Oil traders say the sulphurous crude in storage, first assembled some two months ago, is from the Soroush and Nowrouz fields which for price and quality reasons the country is finding difficult to market.
“They’ve had problems selling it and it’s up for grabs probably at a discount,” Reuters quoted a shipping broker as saying.
“Some of the refiners in the eastern Med can use the crude.
“Others in the central and western Mediterranean with more sophisticated refineries won’t touch it.
“All the talk now is whether the Iranians will choose to shut in production from those fields.”
Reuters quoted one source saying there were 12 Very Large Crude Carriers (VLCC) owned by the National Iranian Tanker Company around Kharg.
In addition, other sources said Iran has hired three other VLCCs from private owners, each capable of holding two million barrels for up to three months, and three Suezmaxes, each storing a million barrels for 70 days.

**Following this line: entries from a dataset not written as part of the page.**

lemma lshift_rshift:
  assumes lam: "lam \<in> L" and y: "y \<in> Z (s lam)"
  shows "lsh lam (rsh lam y) = y"
proof
  have yF: "y \<in> filters L r s cmp" and "s lam \<in> y"
    using y by (auto simp: cyl_def)
  show "lsh lam (rsh lam y) \<subseteq> y"
  proof
    fix m assume "m \<in> lsh lam (rsh lam y)"
    then obtain n where "m \<in> L" "s lam = r m" "n \<in> y" "s lam = r n" "cmp lam m \<preceq> cmp lam n"
      by (auto simp: lshift_def rshift_def)
    with lam filter_subset[OF yF] show "m \<in> y"
      by (meson comp_prefix_of_comp_iff filter_hereditary subsetD yF)
  qed
  show "y \<subseteq> lsh lam (rsh lam y)"
  proof
    fix m assume "m \<in> y"
    then obtain c where c: "c \<in> y" "s lam \<preceq> c" "m \<preceq> c"
      using filter_directed[OF yF \<open>s lam \<in> y\<close>] by blast
    have "m \<in> L" "c \<in> L"
      using \<open>m \<in> y\<close> c filter_subset[OF yF] by auto
    then have "s lam = r m"
      using c lam source_in range_prefix_eq by (metis range_source)
    with \<open>m \<in> L\<close> \<open>m \<in> y\<close> lam show "m \<in> lsh lam (rsh lam y)"
      by (auto simp: lshift_def rshift_def intro: comp_closed prefix_of_refl)
  qed
qed

lemma bij_betw_lshift_cyl:
  assumes "lam \<in> L"
  shows "bij_betw (lsh lam) (Z lam) (Z (s lam))"
  using assms
  by (intro bij_betw_byWitness[where f'="rsh lam"])
    (auto simp: rshift_lshift lshift_rshift lshift_in_cyl rshift_in_cyl)

lemma lshift_image_cyl_comp:
  assumes lam: "lam \<in> L" and lam': "lam' \<in> L" and "s lam = r lam'"
  shows "lsh lam ` Z (cmp lam lam') = Z lam'"
proof
  have lam_lam': "cmp lam lam' \<in> L" "lam \<preceq> cmp lam lam'"
    using assms by (auto intro: comp_closed prefix_of_comp)
  show "lsh lam ` Z (cmp lam lam') \<subseteq> Z lam'"
  proof
    fix y assume "y \<in> lsh lam ` Z (cmp lam lam')"
    then obtain x where x: "x \<in> Z (cmp lam lam')" "y = lsh lam x"
      by blast
    then have "y \<in> Z (s lam)"
      using lam lam_lam' cyl_prefix_of lshift_in_cyl by blast
    moreover have "lam' \<in> y"
      using x lam' assms(3) by (auto simp: lshift_def cyl_def)
    ultimately show "y \<in> Z lam'"
      by (simp add: cyl_def)
  qed
  show "Z lam' \<subseteq> lsh lam ` Z (cmp lam lam')"
  proof
    fix y assume y: "y \<in> Z lam'"
    then have y_s: "y \<in> Z (s lam)"
      using lam' assms(3) range_in range_prefix_of cyl_prefix_of by metis
    have "cmp lam lam' \<in> rsh lam y"
      using y lam_lam' assms(3) prefix_of_refl by (auto simp: rshift_def cyl_def)
    then have "rsh lam y \<in> Z (cmp lam lam')"
      using rshift_in_cyl[OF lam y_s] by (simp add: cyl_def)
    then show "y \<in> lsh lam ` Z (cmp lam lam')"
      using lshift_rshift[OF lam y_s] by force
  qed
qed

lemma subtopology_filter_top_cyl:
  "subtopology (filter_top L r s cmp) (Z m) = subtopology (powerset_top L) (Z m)"
proof -
  have "filters L r s cmp \<inter> Z m = Z m"
    by (auto simp: cyl_def)
  then show ?thesis
    by (simp add: filter_top_def subtopology_subtopology)
qed

lemma continuous_lshift:
  assumes lam: "lam \<in> L"
  shows "continuous_map (subtopology (filter_top L r s cmp) (Z lam))
                        (subtopology (filter_top L r s cmp) (Z (s lam))) (lsh lam)"
proof -
  define X where "X = subtopology (powerset_top L) (Z lam)"
  have X: "topspace X = Z lam"
    unfolding X_def using filter_subset by (auto simp: cyl_def topspace_powerset_top)
  have "continuous_map X (powerset_top L) (lsh lam)"
  proof (rule continuous_map_powerset_topI)
    show "lsh lam \<in> topspace X \<rightarrow> Pow L"
      by (auto simp: lshift_def)
    fix K1 K2 :: "'a set" assume "finite K1" "finite K2" "K1 \<subseteq> L" "K2 \<subseteq> L"
    show "openin X {x \<in> topspace X. K1 \<subseteq> lsh lam x \<and> lsh lam x \<inter> K2 = {}}"
    proof (cases "\<forall>m\<in>K1. s lam = r m")
      case True
      let ?K2 = "{m \<in> K2. s lam = r m}"
      have "{x \<in> topspace X. K1 \<subseteq> lsh lam x \<and> lsh lam x \<inter> K2 = {}}
          = Z lam \<inter> {x. cmp lam ` K1 \<subseteq> x \<and> x \<subseteq> L - cmp lam ` ?K2}"
        using True \<open>K1 \<subseteq> L\<close> \<open>K2 \<subseteq> L\<close> filter_subset unfolding X
        by (auto simp: lshift_def cyl_def) blast+
      moreover have "openin (powerset_top L) {x. cmp lam ` K1 \<subseteq> x \<and> x \<subseteq> L - cmp lam ` ?K2}"
        using True \<open>finite K1\<close> \<open>finite K2\<close> \<open>K1 \<subseteq> L\<close> \<open>K2 \<subseteq> L\<close> lam by (intro openin_powerset_top_basic) (auto intro: comp_closed)
      ultimately show ?thesis
        unfolding X_def by (simp add: openin_subtopology_Int2)
    next
      case False
      then have "{x \<in> topspace X. K1 \<subseteq> lsh lam x \<and> lsh lam x \<inter> K2 = {}} = {}"
        by (auto simp: lshift_def)
      then show ?thesis by (simp only: openin_empty)
    qed
  qed
  moreover have "lsh lam \<in> topspace X \<rightarrow> Z (s lam)"
    using X lam lshift_in_cyl by blast
  ultimately show ?thesis
    unfolding subtopology_filter_top_cyl X_def[symmetric] continuous_map_in_subtopology by blast
qed

end

lemma Pgraph_left_cancellative_category:
  assumes G: "group G" "P \<subseteq> carrier G" and Pg: "Pgraph G P L Ob r s cmp d"
  shows "left_cancellative_category L Ob r s cmp"
proof
  show sc: "small_category L Ob r s cmp"
    using Pg by (simp add: Pgraph_def)
  fix a m n assume amn: "a \<in> L" "m \<in> L" "n \<in> L" "s a = r m" "s a = r n" "cmp a m = cmp a n"
  have dP: "\<forall>x\<in>L. d x \<in> P"
    and d_comp: "\<forall>a\<in>L. \<forall>b\<in>L. s a = r b \<longrightarrow> d (cmp a b) = d a \<otimes>\<^bsub>G\<^esub> d b"
    and factor: "\<forall>a\<in>L. \<forall>p\<in>P. \<forall>q\<in>P. d a = p \<otimes>\<^bsub>G\<^esub> q \<longrightarrow>
          (\<exists>!(m, n). m \<in> L \<and> n \<in> L \<and> s m = r n \<and> a = cmp m n \<and> d m = p \<and> d n = q)"
    using Pg by (auto simp: Pgraph_def)
  have d_am: "d (cmp a m) = d a \<otimes>\<^bsub>G\<^esub> d m"
    using d_comp amn(1,2,4) by simp
  have "d a \<otimes>\<^bsub>G\<^esub> d m = d a \<otimes>\<^bsub>G\<^esub> d n"
    using d_am d_comp amn(1,3,5,6) by simp
  moreover have "d a \<in> carrier G" "d m \<in> carrier G" "d n \<in> carrier G"
    using G dP amn by auto
  ultimately have "d m = d n"
    using G(1) by (simp add: group.Units_eq monoid.Units_l_cancel group.is_monoid)
  define factorisation where "factorisation w \<longleftrightarrow>
    (case w of (x, y) \<Rightarrow> x \<in> L \<and> y \<in> L \<and> s x = r y \<and> cmp a m = cmp x y \<and> d x = d a \<and> d y = d m)"
    for w
  have "cmp a m \<in> L"
    using sc amn unfolding small_category_def by blast
  moreover have "d a \<in> P" "d m \<in> P"
    using dP amn by auto
  ultimately have "\<exists>!w. factorisation w"
    unfolding factorisation_def using d_am by (rule factor[rule_format])
  moreover have "factorisation (a, m)" "factorisation (a, n)"
    using amn \<open>d m = d n\<close> by (auto simp: factorisation_def)
  ultimately show "m = n"
    by blast
qed

theorem lemma5p3:
  fixes G :: "('g, 'b) monoid_scheme" and P :: "'g set"
    and L Ob :: "'a set" and r s :: "'a \<Rightarrow> 'a" and cmp :: "'a \<Rightarrow> 'a \<Rightarrow> 'a"
    and d :: "'a \<Rightarrow> 'g" and lam lam' :: 'a
  assumes "wqlo G P"
    and "Pgraph G P L Ob r s cmp d"
    and "FA L r s cmp \<noteq> {}"
    and "lam \<in> L" and "lam' \<in> L" and "s lam = r lam'"
  shows "continuous_map (subtopology (filter_top L r s cmp) (cyl L r s cmp lam))
                        (subtopology (filter_top L r s cmp) (cyl L r s cmp (s lam)))
                        (lshift L r s cmp lam)
       \<and> bij_betw (lshift L r s cmp lam) (cyl L r s cmp lam) (cyl L r s cmp (s lam))
       \<and> (\<forall>x\<in>cyl L r s cmp lam. rshift L r s cmp lam (lshift L r s cmp lam x) = x)
       \<and> (\<forall>y\<in>cyl L r s cmp (s lam). lshift L r s cmp lam (rshift L r s cmp lam y) = y)
       \<and> lshift L r s cmp lam ` cyl L r s cmp (cmp lam lam') = cyl L r s cmp lam'"
proof -
  have "group G" "P \<subseteq> carrier G"
    using assms(1) by (auto simp: wqlo_def)
  then interpret left_cancellative_category L Ob r s cmp
    using assms(2) by (rule Pgraph_left_cancellative_category)
  show ?thesis
    using continuous_lshift[OF assms(4)] bij_betw_lshift_cyl[OF assms(4)]
      rshift_lshift[OF assms(4)] lshift_rshift[OF assms(4)] lshift_image_cyl_comp[OF assms(4-6)]
    by blast
qed

end
lemma power_in_horodisk:
  assumes "z \<in> horodisk c" "c \<ge> 0" "m \<ge> 1"
  shows "z ^ m \<in> horodisk (c / real m)"
proof -
  let ?S = "(cmod (\<Sum>i<m. z ^ i))\<^sup>2"
  have "c * (cmod (1 - z ^ m))\<^sup>2 = (c * (cmod (1 - z))\<^sup>2) * ?S"
    by (simp add: one_diff_power_eq[of z m] norm_mult power_mult_distrib)
  also have "\<dots> \<le> (1 - (cmod z)\<^sup>2) * ?S"
    using assms(1) by (intro mult_right_mono) (auto simp: horodisk_def)
  also have "\<dots> \<le> real m * (1 - (cmod z) ^ (2 * m))"
    using norm_sum_powers_squared_le norm_le_1_if_in_horodisk[OF assms(1,2)] .
  also have "(cmod z) ^ (2 * m) = (cmod (z ^ m))\<^sup>2"
    by (simp add: norm_power power_mult[symmetric] mult.commute)
  finally show ?thesis
    using assms(3) by (simp add: horodisk_def pos_divide_le_eq mult.commute)
qed

lemma contraction_towards_1_in_horodisk:
  assumes "u \<in> horodisk c" "N > 0"
  shows "1 - (1 - u) / of_real N \<in> horodisk (N * c + N - 1)"
proof -
  obtain x y where u: "u = Complex x y" by (cases u)
  have "N * (c * ((1 - x)\<^sup>2 + y\<^sup>2)) \<le> N * (1 - (x\<^sup>2 + y\<^sup>2))"
    using assms by (intro mult_left_mono) (auto simp: horodisk_def u cmod_power2)
  hence "(N * (c * ((1 - x)\<^sup>2 + y\<^sup>2)) + (N - 1) * ((1 - x)\<^sup>2 + y\<^sup>2)) / N\<^sup>2
      \<le> (N * (1 - (x\<^sup>2 + y\<^sup>2)) + (N - 1) * ((1 - x)\<^sup>2 + y\<^sup>2)) / N\<^sup>2"
    by (intro divide_right_mono) auto
  moreover have "(N * (c * ((1 - x)\<^sup>2 + y\<^sup>2)) + (N - 1) * ((1 - x)\<^sup>2 + y\<^sup>2)) / N\<^sup>2
      = (N * c + N - 1) * (((1 - x) / N)\<^sup>2 + (y / N)\<^sup>2)"
    using assms(2) by (simp add: field_simps power2_eq_square)
  moreover have "(N * (1 - (x\<^sup>2 + y\<^sup>2)) + (N - 1) * ((1 - x)\<^sup>2 + y\<^sup>2)) / N\<^sup>2
      = 1 - ((1 - (1 - x) / N)\<^sup>2 + (y / N)\<^sup>2)"
    using assms(2) by (simp add: field_simps power2_eq_square)
  moreover have "1 - (1 - u) / of_real N = Complex (1 - (1 - x) / N) (y / N)"
    by (simp add: u complex_eq_iff)
  ultimately show ?thesis
    by (simp add: horodisk_def cmod_power2 power2_minus)
qed
(* Let $d,n\in\mathbb{N}$, $R>1$, $\epsilon\ge0$, and let $K_r(x,y)$ be a polynomial in $(x,y)$ whose operator $\mathcal K_rf(x)=\int_{-R}^RK_r(x,y)f(y)\,dy$ satisfies $\|\mathcal K_rT_k-T_k\|_{1,\mathrm{cheb}}\le\epsilon$ for all $0\le k\le d$. Let $K_{r,n}(x,y)=\prod_{i=1}^nK_r(x_i,y_i)$ and $\mathcal K_{r,n}f(x)=\int_{[-R,R]^n}K_{r,n}(x,y)f(y)\,dy$. Then for every $\alpha\in\mathbb{N}_0^n$ with $\alpha_i\le d$ for all $i$, \[ \|\mathcal K_{r,n}T_\alpha-T_\alpha\|_{1,\mathrm{cheb}}\le\epsilon\sum_{i=0}^{n-1}(1+\epsilon)^i. \] Moreover, if $\epsilon\le1/n$, then $\|\mathcal K_{r,n}T_\alpha-T_\alpha\|_{1,\mathrm{cheb}}\le e\,\epsilon\, n$.
   Context: $T_k(x)=\cos(k\arccos x)$ is the Chebyshev polynomial of the first kind; for $\alpha\in\mathbb{N}_0^n$, $T_\alpha(x)=\prod_iT_{\alpha_i}(x_i)$; for a polynomial $p=\sum_\alpha p_\alpha T_\alpha$, $\|p\|_{1,\mathrm{cheb}}=\sum_\alpha|p_\alpha|$. $e$ is Euler's number. *)

theory Defs
  imports "HOL-Analysis.Analysis"
begin

text \<open>Chebyshev polynomials of the first kind, as polynomial functions on all of the reals
  (so that T k x = cos (k * arccos x) for x in [-1,1]).\<close>
fun cheb_T :: "nat \<Rightarrow> real \<Rightarrow> real" where
  "cheb_T 0 x = 1"
| "cheb_T (Suc 0) x = x"
| "cheb_T (Suc (Suc k)) x = 2 * x * cheb_T (Suc k) x - cheb_T k x"

definition cheb_Tn :: "nat ^ 'n \<Rightarrow> real ^ 'n \<Rightarrow> real" where
  "cheb_Tn \<alpha> x = (\<Prod>i\<in>UNIV. cheb_T (\<alpha> $ i) (x $ i))"

definition cheb_rep1 :: "(real \<Rightarrow> real) \<Rightarrow> (nat \<Rightarrow> real) \<Rightarrow> bool" where
  "cheb_rep1 f p \<longleftrightarrow> finite {k. p k \<noteq> 0} \<and>
     (\<forall>x. f x = (\<Sum>k\<in>{k. p k \<noteq> 0}. p k * cheb_T k x))"

definition cheb_norm1_1 :: "(real \<Rightarrow> real) \<Rightarrow> real" where
  "cheb_norm1_1 f = (let p = (THE p. cheb_rep1 f p) in (\<Sum>k\<in>{k. p k \<noteq> 0}. \<bar>p k\<bar>))"

definition cheb_rep :: "(real ^ 'n \<Rightarrow> real) \<Rightarrow> (nat ^ 'n \<Rightarrow> real) \<Rightarrow> bool" where
  "cheb_rep f p \<longleftrightarrow> finite {\<alpha>. p \<alpha> \<noteq> 0} \<and>
     (\<forall>x. f x = (\<Sum>\<alpha>\<in>{\<alpha>. p \<alpha> \<noteq> 0}. p \<alpha> * cheb_Tn \<alpha> x))"

definition cheb_norm1 :: "(real ^ 'n \<Rightarrow> real) \<Rightarrow> real" where
  "cheb_norm1 f = (let p = (THE p. cheb_rep f p) in (\<Sum>\<alpha>\<in>{\<alpha>. p \<alpha> \<noteq> 0}. \<bar>p \<alpha>\<bar>))"

definition is_bivariate_poly :: "(real \<Rightarrow> real \<Rightarrow> real) \<Rightarrow> bool" where
  "is_bivariate_poly K \<longleftrightarrow> (\<exists>N c. \<forall>x y. K x y = (\<Sum>i\<le>N. \<Sum>j\<le>N. c i j * x ^ i * y ^ j))"

definition kop1 :: "real \<Rightarrow> (real \<Rightarrow> real \<Rightarrow> real) \<Rightarrow> (real \<Rightarrow> real) \<Rightarrow> real \<Rightarrow> real" where
  "kop1 R K f x = integral {-R..R} (\<lambda>y. K x y * f y)"

definition kopn :: "real \<Rightarrow> (real \<Rightarrow> real \<Rightarrow> real) \<Rightarrow> (real ^ 'n \<Rightarrow> real) \<Rightarrow> real ^ 'n \<Rightarrow> real" where
  "kopn R K f x = integral (cbox (\<chi> i. -R) (\<chi> i. R))
      (\<lambda>y. (\<Prod>i\<in>UNIV. K (x $ i) (y $ i)) * f y)"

If all the tankers were completely full, as is widely believed, it would take storage levels offshore to some 33 million barrels, worth over $3 billion.
On top of the giant quantity of floating storage, Iran has also hired at least three private VLCCs on the spot market to ferry crude from Kharg Island to the Red Sea, some for consecutive voyages.
“Once they find buyers they funnel it up through the Suez-Mediterranean (SUMED) pipeline and sell it through Sidi Kerir to customers,” the shipping broker said.